The Term Sheet executed between the two parties on November 26, 2015, promised ZO Rooms’ shareholders seven per cent of OYO.

The order was pronounced by the Arbitral Tribunal, Former Chief Justice of India, Justice AM Ahmadi on March 6, 2021.

Paavan Nanda, Ex Co-founder, Zostel, who led the process, said, “We welcome the judgement by the tribunal. Beyond the monetary compensation, it was a fight for our rights and reputation. We are extremely relieved with the judgement that the arbitral tribunal has pronounced after diligently evaluating the merits and evidences produced by us over the last 3 years.”

“The tribunal held that the Term Sheet between Zostel and OYO was a binding agreement. The order stated that OYO breached the Term Sheet by not executing Definitive Documents due to OYO’s internal issue. The Tribunal recognised that the transaction was consummated as ZO Rooms transferred the entire business in 2016. As a result of the breach, which was not caused by any default on part of the ZO and its shareholders, ZO Rooms’ Shareholders are entitled to issuance of decree of specific performance directing the parties to execute definitive agreement,” the statement said.

What went wrong

Both companies have been fighting against each other over a 2015 deal under which ZO claimed OYO had acquired the company while OYO maintained the deal fell through after due diligence and that it has plenty of reasons for not acquiring the company.

ZO Rooms and OYO had entered into talks for a merger in 2015, executing an agreement on 26th November 2015. ZO Rooms claims that it completed its obligation under the agreement and transferred the business but OYO failed to transfer 7 per cent to the ZO Room’s shareholder, which eventually led to the recently concluded Arbitration. Following the Supreme Court Directive in October 2018, Justice AM Ahmadi was appointed as the sole Arbitrator.

OYO had also dragged smaller rival ZO Rooms to the court over allegations pertaining to harassment and blackmailing to for fulfil unreasonable demands.

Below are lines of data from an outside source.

section \<open>Pretty good state transfer\<close>

lemma pgst_of_periodic_factor:
  fixes f g :: "real \<Rightarrow> complex" and p q c :: real
  assumes factor: "\<And>t. transition V E t u v = f t * g t"
    and cont: "isCont f 0" and f0: "f 0 = 1" and per: "\<And>t N. f (t + q * of_int N) = f t"
    and unimodular: "\<And>M. cmod (g (c + p * of_int M)) = 1"
    and q: "q > 0" and irr: "p / q \<notin> \<rat>"
  shows "pgst V E u v"
  unfolding pgst_def
proof (intro allI impI)
  fix \<epsilon> :: real assume "\<epsilon> > 0"
  moreover have "f \<midarrow>0\<rightarrow> 1" using cont f0 by (simp add: isCont_def)
  ultimately obtain \<delta> where "\<delta> > 0" and \<delta>': "\<And>s. s \<noteq> 0 \<and> norm (s - 0) < \<delta> \<Longrightarrow> norm (f s - 1) < \<epsilon>"
    using LIM_D by blast
  have \<delta>: "norm (f s - 1) < \<epsilon>" if "\<bar>s\<bar> < \<delta>" for s
    using \<delta>'[of s] that f0 \<open>\<epsilon> > 0\<close> by (cases "s = 0") auto
  \<comment> \<open>Kronecker: some c + p k lies within \<delta> of the lattice q \<int>, where f is close to f 0 = 1.\<close>
  obtain h k :: int where "\<bar>of_int k * (p / q) - of_int h - (- c / q)\<bar> < \<delta> / q"
    using sequence_of_fractional_parts_is_dense[OF irr] \<open>\<delta> > 0\<close> q by (metis divide_pos_pos)
  then have "\<bar>c + p * k - q * h\<bar> < \<delta>"
    using q by (simp add: field_simps abs_mult[symmetric] abs_divide pos_divide_less_eq)
  then have "norm (f (c + p * k) - 1) < \<epsilon>"
    using \<delta> per[of "c + p * k - q * h" h] by simp
  moreover have "\<bar>cmod (f t) - 1\<bar> \<le> norm (f t - 1)" for t
    by (metis norm_one norm_triangle_ineq3)
  ultimately have "\<bar>cmod (transition V E (c + p * k) u v) - 1\<bar> < \<epsilon>"
    using unimodular[of k] by (simp add: factor norm_mult) (meson le_less_trans)
  then show "\<exists>t. \<bar>cmod (transition V E t u v) - 1\<bar> < \<epsilon>" ..
qed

“As per a very recent regulatory filing with the Ministry of Corporate Affairs, OYO has raised $7.31 million at a share price of $58,490 as a part of its Series F1 round, valuing OYO at a whopping $9 billion. If the order from the Arbitrator is to be given effect, allotment of 7 per cent to ZO Rooms’ shareholders will make this outcome the biggest exit in the Indian start-up ecosystem, surpassing the Snapdeal-Freecharge Deal of $400 million back in 2015,” Zostel said.